_EXERCISE GOAL_
Go through the data line by line. Copy each one holding the string "only".

_TASK MATERIAL_
:::

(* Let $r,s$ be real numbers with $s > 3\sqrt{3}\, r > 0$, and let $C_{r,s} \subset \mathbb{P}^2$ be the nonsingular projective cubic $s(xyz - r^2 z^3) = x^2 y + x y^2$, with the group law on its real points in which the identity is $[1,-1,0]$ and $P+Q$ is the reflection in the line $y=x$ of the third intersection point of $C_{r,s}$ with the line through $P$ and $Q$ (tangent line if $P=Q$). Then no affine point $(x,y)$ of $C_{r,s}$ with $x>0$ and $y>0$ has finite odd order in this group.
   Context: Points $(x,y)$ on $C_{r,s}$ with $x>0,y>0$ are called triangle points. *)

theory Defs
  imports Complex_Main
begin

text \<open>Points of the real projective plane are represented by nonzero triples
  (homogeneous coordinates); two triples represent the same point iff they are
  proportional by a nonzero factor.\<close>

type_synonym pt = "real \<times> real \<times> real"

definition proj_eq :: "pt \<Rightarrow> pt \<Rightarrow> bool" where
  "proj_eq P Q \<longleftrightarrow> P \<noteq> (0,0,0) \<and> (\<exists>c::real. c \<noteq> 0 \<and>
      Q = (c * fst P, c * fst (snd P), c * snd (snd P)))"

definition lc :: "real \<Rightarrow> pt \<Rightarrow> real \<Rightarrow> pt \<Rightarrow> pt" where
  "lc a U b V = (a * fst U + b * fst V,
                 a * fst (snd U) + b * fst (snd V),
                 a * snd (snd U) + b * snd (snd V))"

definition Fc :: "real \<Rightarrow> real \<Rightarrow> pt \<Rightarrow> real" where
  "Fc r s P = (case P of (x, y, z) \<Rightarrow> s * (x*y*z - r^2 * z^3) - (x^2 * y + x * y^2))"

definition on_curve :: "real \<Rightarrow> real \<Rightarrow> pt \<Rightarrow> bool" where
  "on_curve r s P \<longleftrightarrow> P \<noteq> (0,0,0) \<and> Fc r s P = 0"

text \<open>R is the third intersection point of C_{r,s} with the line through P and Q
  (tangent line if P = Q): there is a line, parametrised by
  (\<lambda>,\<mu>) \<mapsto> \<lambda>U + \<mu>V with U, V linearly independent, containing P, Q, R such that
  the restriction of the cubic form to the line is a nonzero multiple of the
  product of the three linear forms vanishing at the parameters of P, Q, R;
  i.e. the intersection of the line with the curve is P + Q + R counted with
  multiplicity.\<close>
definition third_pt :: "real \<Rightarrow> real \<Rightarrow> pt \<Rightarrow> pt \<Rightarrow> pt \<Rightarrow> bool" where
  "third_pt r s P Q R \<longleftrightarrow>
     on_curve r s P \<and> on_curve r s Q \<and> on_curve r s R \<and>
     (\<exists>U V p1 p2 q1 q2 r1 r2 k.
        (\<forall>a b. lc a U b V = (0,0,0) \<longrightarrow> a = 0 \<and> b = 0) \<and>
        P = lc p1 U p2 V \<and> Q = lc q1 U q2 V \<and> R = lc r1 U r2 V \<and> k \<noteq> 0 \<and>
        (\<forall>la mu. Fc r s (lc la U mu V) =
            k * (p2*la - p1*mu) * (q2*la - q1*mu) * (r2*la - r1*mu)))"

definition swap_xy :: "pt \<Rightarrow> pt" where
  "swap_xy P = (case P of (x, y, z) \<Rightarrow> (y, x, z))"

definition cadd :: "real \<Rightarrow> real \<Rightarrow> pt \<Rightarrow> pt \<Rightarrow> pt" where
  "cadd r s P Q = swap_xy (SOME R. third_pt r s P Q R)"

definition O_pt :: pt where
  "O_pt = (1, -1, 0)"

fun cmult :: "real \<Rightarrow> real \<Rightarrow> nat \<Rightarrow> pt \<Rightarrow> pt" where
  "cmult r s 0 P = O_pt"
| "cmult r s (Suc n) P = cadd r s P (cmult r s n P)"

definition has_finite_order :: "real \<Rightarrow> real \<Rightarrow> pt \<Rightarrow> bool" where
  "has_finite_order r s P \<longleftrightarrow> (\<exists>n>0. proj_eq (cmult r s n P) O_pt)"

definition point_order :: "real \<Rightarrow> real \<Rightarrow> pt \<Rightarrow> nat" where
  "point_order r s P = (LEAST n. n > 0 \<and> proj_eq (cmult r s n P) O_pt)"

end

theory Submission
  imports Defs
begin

:::

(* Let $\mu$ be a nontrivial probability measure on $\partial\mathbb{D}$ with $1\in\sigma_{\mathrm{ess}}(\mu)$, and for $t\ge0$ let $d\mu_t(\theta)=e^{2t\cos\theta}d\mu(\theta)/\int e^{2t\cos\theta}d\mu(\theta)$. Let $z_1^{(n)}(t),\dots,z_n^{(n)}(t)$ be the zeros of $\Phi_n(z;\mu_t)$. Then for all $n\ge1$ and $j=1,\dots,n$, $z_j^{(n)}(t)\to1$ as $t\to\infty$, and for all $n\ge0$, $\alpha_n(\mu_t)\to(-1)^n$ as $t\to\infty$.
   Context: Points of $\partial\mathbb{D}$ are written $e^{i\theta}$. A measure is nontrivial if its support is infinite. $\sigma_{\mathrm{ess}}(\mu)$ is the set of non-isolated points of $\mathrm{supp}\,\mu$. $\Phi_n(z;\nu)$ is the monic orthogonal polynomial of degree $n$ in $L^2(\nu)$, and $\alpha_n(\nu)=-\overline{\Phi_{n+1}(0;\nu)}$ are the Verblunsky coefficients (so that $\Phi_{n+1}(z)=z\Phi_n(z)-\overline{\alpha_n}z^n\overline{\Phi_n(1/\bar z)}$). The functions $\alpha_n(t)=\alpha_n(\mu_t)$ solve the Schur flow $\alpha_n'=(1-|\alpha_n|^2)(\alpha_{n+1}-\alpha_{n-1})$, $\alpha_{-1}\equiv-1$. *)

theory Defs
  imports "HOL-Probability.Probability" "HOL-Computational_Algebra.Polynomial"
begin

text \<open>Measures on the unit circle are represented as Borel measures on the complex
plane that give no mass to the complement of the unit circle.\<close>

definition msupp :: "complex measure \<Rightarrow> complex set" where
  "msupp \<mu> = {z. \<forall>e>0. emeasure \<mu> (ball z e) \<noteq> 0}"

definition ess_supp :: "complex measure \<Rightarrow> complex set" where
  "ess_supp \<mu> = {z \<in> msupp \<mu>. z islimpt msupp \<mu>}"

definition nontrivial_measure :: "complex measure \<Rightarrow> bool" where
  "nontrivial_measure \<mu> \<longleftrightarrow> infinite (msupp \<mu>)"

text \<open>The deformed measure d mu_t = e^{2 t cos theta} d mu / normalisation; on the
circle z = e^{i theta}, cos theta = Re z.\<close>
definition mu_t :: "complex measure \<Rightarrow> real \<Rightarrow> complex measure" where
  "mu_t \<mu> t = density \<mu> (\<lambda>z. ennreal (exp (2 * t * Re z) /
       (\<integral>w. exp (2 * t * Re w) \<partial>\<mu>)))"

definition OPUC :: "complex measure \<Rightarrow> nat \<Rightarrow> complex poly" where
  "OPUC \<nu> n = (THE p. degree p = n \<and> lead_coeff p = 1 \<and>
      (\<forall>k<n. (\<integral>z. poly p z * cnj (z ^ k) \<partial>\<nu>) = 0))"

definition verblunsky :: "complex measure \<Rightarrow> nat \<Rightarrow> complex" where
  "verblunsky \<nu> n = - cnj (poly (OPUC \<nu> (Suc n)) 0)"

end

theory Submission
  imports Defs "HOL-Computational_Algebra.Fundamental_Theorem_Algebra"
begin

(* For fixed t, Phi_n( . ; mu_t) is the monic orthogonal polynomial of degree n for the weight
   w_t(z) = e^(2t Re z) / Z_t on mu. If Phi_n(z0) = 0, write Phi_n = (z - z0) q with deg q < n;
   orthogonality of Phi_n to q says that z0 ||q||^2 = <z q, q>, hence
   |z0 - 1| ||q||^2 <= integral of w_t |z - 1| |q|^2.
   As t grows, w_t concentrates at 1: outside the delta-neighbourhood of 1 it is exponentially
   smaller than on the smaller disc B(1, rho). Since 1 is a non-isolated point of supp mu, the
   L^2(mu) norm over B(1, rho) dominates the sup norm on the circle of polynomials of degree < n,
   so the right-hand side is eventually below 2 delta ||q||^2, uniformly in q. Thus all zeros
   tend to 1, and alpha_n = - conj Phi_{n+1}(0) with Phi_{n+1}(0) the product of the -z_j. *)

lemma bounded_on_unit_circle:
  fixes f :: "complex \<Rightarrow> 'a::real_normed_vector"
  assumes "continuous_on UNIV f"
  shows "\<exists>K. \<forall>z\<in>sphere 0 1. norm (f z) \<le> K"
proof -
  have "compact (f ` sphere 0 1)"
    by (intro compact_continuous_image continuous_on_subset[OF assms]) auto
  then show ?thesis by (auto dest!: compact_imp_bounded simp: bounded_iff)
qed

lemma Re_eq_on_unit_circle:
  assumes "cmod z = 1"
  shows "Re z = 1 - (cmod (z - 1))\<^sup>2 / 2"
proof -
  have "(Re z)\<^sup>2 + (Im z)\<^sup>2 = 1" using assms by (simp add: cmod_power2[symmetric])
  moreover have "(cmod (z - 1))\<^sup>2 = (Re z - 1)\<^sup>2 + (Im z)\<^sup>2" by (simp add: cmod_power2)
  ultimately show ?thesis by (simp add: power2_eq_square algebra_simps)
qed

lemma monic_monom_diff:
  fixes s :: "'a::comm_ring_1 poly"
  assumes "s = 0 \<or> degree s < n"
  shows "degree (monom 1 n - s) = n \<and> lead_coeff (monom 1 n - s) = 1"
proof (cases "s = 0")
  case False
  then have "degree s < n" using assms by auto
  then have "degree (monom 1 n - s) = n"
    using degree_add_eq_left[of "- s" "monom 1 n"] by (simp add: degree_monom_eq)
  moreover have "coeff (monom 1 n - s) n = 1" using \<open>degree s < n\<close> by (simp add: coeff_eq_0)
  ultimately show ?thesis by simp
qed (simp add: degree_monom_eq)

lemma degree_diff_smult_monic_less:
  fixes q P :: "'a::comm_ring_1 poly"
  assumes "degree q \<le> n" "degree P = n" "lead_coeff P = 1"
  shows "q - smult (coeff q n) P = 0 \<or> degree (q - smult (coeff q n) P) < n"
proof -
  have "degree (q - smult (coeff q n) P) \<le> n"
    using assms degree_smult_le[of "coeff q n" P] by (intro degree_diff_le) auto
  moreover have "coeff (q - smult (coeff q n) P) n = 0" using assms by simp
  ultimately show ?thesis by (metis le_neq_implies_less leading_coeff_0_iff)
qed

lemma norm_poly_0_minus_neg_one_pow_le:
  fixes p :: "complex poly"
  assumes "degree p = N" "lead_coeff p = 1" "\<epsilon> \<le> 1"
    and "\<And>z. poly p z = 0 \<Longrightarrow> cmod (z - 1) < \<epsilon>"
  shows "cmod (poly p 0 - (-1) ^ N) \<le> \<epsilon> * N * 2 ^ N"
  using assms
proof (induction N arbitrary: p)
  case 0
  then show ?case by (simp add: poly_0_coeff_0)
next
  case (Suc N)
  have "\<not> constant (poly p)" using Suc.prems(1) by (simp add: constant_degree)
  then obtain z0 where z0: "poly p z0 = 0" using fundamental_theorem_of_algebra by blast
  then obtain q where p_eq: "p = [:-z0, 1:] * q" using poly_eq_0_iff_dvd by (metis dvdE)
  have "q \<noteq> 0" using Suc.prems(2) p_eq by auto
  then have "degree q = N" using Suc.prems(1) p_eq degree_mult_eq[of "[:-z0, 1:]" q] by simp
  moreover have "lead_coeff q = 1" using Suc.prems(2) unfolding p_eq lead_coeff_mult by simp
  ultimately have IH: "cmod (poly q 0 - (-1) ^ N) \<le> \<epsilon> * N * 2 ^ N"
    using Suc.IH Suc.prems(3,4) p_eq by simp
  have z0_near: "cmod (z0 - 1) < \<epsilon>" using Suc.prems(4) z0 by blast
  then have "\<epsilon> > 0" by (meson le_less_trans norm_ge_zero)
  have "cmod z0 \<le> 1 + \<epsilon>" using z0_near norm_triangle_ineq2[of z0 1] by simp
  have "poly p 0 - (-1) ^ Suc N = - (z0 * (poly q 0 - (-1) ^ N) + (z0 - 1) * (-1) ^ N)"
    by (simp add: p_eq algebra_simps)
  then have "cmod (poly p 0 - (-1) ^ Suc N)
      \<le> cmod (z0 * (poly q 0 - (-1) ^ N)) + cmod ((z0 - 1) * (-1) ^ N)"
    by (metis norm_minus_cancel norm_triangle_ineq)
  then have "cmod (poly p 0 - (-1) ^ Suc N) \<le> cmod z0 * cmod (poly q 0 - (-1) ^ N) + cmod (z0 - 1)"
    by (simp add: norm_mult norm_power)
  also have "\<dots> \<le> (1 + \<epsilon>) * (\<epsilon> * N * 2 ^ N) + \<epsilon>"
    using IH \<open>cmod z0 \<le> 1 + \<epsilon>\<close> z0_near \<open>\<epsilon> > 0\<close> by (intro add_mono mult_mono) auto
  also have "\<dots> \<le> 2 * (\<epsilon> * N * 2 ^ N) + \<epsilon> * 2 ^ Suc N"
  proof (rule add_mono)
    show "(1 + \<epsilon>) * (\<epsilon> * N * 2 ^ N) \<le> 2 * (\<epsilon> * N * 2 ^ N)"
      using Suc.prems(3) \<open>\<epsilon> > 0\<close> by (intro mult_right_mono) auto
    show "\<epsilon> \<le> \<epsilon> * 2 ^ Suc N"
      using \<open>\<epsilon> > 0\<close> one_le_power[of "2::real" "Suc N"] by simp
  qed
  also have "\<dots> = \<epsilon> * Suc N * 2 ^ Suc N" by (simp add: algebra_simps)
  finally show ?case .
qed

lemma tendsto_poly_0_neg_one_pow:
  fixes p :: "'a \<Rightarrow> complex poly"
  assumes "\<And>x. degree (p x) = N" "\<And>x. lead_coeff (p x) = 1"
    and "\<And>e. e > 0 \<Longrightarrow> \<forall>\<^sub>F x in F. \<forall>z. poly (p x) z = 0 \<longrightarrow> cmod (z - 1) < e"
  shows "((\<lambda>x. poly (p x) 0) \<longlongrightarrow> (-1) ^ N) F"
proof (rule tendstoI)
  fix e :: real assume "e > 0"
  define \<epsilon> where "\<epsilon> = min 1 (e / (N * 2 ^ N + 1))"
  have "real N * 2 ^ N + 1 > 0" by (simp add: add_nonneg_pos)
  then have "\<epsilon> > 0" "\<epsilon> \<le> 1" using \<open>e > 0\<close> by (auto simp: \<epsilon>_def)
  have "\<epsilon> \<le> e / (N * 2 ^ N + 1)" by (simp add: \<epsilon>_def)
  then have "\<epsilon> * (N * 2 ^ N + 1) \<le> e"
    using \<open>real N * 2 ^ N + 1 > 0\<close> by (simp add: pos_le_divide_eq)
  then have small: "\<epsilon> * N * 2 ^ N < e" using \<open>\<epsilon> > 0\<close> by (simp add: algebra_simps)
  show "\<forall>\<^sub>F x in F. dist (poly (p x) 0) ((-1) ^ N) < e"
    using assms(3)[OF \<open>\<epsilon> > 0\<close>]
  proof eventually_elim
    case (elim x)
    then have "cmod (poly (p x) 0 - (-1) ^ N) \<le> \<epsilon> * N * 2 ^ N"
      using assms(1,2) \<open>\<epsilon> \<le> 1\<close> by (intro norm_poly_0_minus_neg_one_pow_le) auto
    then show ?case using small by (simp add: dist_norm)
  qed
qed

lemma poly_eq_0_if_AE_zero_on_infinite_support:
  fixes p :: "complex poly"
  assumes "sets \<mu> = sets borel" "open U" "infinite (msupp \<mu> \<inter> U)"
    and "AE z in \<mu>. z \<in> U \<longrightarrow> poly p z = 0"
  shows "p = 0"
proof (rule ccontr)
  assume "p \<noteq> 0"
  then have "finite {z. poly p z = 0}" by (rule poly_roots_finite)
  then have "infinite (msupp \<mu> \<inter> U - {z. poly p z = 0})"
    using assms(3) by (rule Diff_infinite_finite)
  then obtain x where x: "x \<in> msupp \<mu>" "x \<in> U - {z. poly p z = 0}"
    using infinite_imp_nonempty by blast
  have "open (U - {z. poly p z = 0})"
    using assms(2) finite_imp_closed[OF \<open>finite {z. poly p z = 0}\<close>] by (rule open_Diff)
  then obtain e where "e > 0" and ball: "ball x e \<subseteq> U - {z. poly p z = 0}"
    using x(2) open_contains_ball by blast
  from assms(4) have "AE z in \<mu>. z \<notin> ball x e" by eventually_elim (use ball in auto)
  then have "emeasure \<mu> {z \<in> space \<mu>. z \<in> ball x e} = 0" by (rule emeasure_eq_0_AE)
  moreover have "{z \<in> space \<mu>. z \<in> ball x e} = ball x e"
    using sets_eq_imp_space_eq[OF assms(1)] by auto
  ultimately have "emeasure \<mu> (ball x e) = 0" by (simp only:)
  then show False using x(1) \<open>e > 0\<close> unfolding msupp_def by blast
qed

:::

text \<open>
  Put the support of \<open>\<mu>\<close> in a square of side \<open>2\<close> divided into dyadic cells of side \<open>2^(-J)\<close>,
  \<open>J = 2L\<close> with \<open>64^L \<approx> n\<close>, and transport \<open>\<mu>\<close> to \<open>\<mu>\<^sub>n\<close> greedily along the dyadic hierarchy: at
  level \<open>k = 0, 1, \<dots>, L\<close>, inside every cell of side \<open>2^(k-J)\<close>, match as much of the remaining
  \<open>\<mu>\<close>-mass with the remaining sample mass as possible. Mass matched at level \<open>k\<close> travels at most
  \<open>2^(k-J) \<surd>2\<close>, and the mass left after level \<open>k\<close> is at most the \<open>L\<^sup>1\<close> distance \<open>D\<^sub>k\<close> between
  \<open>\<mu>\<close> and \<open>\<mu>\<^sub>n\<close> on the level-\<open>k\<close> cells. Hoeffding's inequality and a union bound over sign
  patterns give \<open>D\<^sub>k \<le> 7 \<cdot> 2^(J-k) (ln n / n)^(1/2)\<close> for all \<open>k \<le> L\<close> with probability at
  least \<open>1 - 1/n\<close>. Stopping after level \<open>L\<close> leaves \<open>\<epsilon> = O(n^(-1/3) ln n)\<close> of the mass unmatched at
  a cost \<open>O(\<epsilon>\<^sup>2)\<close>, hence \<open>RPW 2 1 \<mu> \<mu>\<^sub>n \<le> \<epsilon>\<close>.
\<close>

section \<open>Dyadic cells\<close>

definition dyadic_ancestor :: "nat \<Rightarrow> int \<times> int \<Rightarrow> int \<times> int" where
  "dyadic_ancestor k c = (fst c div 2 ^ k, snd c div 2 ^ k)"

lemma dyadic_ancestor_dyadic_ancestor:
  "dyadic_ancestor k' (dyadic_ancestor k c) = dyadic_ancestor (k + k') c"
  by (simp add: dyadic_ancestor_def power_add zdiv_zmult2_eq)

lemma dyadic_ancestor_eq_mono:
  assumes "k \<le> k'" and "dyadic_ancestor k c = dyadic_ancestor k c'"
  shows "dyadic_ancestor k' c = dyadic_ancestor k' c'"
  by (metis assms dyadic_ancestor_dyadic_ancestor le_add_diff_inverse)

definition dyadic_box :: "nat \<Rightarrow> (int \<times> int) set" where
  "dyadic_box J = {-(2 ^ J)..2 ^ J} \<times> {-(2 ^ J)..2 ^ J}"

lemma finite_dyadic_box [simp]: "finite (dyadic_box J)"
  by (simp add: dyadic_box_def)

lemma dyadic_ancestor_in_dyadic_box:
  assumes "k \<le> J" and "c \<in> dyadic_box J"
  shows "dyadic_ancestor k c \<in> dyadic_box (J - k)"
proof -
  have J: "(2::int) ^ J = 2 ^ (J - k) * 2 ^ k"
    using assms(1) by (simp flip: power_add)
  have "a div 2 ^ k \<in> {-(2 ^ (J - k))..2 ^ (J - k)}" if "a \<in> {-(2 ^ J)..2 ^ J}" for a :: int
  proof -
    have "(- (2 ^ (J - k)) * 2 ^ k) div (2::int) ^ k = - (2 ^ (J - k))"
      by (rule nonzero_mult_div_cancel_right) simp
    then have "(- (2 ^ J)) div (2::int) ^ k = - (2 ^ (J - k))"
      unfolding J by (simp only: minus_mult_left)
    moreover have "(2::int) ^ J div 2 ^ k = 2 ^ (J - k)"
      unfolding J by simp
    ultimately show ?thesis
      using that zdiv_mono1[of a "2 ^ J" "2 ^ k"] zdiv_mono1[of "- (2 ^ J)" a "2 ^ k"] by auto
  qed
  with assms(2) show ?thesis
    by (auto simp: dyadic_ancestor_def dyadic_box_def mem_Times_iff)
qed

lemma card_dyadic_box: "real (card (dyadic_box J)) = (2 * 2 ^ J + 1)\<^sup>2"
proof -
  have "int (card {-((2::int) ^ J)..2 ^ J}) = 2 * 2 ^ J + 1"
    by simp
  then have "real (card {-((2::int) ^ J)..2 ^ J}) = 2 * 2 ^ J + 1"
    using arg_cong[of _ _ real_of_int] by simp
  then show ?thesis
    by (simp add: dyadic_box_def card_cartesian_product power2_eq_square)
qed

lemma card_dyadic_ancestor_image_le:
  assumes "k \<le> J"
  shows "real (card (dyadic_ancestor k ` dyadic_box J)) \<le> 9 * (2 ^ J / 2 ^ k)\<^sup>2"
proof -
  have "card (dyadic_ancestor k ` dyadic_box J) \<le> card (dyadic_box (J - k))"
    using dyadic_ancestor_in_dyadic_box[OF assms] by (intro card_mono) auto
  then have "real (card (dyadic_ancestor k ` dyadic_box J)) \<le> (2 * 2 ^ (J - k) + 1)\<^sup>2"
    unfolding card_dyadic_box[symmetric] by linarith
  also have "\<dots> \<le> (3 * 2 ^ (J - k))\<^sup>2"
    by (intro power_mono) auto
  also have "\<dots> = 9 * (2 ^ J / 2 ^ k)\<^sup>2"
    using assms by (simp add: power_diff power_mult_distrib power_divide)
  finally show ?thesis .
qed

:::

_SOLUTION BELOW_
  ultimately have "emeasure \<mu> (ball x e) = 0" by (simp only:)
      unfolding J by (simp only: minus_mult_left)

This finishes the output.